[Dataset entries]
======

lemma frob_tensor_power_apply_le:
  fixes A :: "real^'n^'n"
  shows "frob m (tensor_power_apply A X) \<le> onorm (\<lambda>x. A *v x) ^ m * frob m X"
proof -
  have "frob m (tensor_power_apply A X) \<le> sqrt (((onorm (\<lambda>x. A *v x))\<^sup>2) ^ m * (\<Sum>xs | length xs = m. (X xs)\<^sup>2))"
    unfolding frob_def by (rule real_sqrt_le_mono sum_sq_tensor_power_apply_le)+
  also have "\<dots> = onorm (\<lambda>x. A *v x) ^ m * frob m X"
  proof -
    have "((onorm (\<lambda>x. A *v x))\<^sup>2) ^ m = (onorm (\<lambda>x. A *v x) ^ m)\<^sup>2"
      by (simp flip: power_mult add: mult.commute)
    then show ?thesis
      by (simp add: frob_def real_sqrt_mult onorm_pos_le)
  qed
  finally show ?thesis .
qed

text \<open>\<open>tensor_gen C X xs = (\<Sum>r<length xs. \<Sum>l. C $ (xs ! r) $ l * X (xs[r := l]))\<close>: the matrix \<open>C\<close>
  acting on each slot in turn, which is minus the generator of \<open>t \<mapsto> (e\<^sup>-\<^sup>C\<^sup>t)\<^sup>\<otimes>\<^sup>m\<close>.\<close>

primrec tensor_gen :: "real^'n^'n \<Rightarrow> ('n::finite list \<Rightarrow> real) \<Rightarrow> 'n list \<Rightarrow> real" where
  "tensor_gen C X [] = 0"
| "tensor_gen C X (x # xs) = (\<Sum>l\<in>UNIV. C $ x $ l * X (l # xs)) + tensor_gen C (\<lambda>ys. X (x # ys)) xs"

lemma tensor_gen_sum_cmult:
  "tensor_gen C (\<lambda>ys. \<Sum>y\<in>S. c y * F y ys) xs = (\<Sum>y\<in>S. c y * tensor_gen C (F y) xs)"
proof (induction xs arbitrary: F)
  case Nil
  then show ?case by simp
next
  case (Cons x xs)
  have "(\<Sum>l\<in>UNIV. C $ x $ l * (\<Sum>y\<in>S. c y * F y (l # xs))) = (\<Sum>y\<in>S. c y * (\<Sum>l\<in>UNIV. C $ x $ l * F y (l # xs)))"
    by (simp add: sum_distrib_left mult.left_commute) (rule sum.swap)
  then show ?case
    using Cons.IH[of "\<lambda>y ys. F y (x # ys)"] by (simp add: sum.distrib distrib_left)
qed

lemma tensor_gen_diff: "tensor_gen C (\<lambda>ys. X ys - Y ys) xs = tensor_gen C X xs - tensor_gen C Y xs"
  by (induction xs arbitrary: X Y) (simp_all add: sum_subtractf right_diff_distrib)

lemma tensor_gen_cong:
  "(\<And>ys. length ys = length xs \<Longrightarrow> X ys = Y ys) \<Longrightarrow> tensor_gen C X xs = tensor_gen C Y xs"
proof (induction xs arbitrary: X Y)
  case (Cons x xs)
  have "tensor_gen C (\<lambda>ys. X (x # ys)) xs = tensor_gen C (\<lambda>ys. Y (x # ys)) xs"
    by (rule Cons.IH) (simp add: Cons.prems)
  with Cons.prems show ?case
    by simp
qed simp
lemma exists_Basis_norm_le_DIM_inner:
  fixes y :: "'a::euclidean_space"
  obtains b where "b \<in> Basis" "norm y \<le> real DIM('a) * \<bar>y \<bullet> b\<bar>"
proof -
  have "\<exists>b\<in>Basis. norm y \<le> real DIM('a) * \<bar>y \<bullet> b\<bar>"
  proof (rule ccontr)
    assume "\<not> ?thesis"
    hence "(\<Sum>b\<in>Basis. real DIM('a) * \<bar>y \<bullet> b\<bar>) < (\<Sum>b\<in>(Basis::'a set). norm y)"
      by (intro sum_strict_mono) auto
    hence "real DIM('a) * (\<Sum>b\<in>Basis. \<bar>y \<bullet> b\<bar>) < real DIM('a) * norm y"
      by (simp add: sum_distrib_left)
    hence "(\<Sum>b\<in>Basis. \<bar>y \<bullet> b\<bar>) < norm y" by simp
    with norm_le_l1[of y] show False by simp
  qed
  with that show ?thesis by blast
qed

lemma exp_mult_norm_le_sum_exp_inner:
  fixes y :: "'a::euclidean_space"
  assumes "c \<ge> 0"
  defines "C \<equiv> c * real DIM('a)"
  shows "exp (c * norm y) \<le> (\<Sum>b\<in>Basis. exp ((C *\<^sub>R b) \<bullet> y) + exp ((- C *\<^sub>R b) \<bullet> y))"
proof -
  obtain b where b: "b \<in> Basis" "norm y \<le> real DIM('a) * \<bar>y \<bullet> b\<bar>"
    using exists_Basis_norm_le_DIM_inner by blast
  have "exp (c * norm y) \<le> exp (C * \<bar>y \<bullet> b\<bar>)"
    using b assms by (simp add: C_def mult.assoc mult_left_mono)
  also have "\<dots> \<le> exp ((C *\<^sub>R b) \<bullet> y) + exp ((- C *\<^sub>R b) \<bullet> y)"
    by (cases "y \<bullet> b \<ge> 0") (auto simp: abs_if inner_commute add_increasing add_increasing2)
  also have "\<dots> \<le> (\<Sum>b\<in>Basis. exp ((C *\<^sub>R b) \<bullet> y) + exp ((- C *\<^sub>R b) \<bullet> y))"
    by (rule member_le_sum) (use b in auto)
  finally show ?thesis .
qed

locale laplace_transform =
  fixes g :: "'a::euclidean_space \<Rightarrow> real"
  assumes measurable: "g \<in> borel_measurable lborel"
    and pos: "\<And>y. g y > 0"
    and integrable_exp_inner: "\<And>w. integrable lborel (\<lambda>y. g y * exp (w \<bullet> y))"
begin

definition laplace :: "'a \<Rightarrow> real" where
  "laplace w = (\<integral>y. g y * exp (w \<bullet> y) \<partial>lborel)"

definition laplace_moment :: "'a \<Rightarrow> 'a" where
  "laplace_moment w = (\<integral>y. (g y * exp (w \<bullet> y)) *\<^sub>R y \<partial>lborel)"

======

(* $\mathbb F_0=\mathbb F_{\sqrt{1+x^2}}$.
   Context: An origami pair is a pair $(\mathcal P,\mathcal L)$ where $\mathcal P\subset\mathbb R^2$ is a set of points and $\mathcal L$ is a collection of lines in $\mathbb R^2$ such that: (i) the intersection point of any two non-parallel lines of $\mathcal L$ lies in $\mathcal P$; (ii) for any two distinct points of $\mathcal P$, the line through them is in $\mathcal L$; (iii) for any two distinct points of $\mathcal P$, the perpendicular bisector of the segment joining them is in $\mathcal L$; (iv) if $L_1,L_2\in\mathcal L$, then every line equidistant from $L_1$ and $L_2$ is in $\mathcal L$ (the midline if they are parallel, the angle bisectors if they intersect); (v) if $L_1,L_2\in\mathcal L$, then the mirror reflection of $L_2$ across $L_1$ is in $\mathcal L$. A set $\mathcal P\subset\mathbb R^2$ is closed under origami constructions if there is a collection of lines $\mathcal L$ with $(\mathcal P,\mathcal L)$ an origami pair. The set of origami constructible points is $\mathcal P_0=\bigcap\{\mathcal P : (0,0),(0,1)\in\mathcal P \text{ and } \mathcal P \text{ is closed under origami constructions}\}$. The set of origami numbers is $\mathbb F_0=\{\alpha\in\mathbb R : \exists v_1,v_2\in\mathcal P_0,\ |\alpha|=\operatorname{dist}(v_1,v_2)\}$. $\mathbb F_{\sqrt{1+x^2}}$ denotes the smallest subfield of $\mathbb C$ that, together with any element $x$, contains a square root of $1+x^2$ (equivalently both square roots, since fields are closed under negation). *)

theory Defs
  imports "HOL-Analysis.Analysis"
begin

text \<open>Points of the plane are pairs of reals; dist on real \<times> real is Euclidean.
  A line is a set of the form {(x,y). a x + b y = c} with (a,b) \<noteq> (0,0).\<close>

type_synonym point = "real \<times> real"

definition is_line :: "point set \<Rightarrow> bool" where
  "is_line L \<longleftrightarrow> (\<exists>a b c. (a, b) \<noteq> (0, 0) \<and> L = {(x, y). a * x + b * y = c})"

======

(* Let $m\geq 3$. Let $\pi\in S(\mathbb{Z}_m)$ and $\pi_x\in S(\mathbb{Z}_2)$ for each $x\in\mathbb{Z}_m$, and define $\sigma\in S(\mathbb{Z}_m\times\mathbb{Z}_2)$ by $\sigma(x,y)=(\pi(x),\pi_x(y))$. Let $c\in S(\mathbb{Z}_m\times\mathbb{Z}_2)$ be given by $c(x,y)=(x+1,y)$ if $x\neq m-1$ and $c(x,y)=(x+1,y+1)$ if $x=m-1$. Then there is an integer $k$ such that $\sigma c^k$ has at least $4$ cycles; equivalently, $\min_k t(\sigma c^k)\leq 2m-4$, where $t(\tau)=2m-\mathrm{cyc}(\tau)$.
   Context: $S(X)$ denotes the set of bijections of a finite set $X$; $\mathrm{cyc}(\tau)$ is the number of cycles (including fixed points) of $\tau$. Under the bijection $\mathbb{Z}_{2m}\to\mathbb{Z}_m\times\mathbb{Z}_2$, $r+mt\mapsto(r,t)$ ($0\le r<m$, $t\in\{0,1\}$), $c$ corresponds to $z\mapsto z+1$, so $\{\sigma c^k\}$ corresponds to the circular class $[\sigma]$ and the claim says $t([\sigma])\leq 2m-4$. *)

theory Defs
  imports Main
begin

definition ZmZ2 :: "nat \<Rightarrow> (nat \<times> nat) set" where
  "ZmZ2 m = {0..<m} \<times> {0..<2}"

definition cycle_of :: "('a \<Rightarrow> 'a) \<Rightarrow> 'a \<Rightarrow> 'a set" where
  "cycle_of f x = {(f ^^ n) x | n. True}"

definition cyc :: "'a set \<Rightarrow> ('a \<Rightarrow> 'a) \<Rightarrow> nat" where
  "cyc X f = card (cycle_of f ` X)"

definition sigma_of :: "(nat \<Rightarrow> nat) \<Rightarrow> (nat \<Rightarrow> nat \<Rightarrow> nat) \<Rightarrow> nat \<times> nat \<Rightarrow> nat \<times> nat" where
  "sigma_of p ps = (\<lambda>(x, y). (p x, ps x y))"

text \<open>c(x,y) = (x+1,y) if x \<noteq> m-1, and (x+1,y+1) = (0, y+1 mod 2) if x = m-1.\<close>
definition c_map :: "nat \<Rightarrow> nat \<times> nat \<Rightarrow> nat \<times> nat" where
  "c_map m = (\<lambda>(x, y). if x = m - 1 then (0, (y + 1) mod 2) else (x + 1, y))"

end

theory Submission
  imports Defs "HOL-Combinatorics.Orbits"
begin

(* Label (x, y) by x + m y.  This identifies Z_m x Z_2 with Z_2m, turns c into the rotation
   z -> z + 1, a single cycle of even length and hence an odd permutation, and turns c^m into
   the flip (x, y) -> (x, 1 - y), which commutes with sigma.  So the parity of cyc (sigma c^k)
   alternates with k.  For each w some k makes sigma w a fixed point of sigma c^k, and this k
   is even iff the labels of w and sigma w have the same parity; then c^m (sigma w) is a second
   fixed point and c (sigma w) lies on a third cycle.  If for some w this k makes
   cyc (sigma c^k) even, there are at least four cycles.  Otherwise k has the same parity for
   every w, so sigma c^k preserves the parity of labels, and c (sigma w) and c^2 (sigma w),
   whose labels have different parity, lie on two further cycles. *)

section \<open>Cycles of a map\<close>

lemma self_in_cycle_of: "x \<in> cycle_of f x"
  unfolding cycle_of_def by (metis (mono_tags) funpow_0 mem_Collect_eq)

======

# ACTIVITY:
Which lines of the records contain "some"? Show each of them.

# FINISHED EXERCISE:
   alternates with k.  For each w some k makes sigma w a fixed point of sigma c^k, and this k
   fixed point and c (sigma w) lies on a third cycle.  If for some w this k makes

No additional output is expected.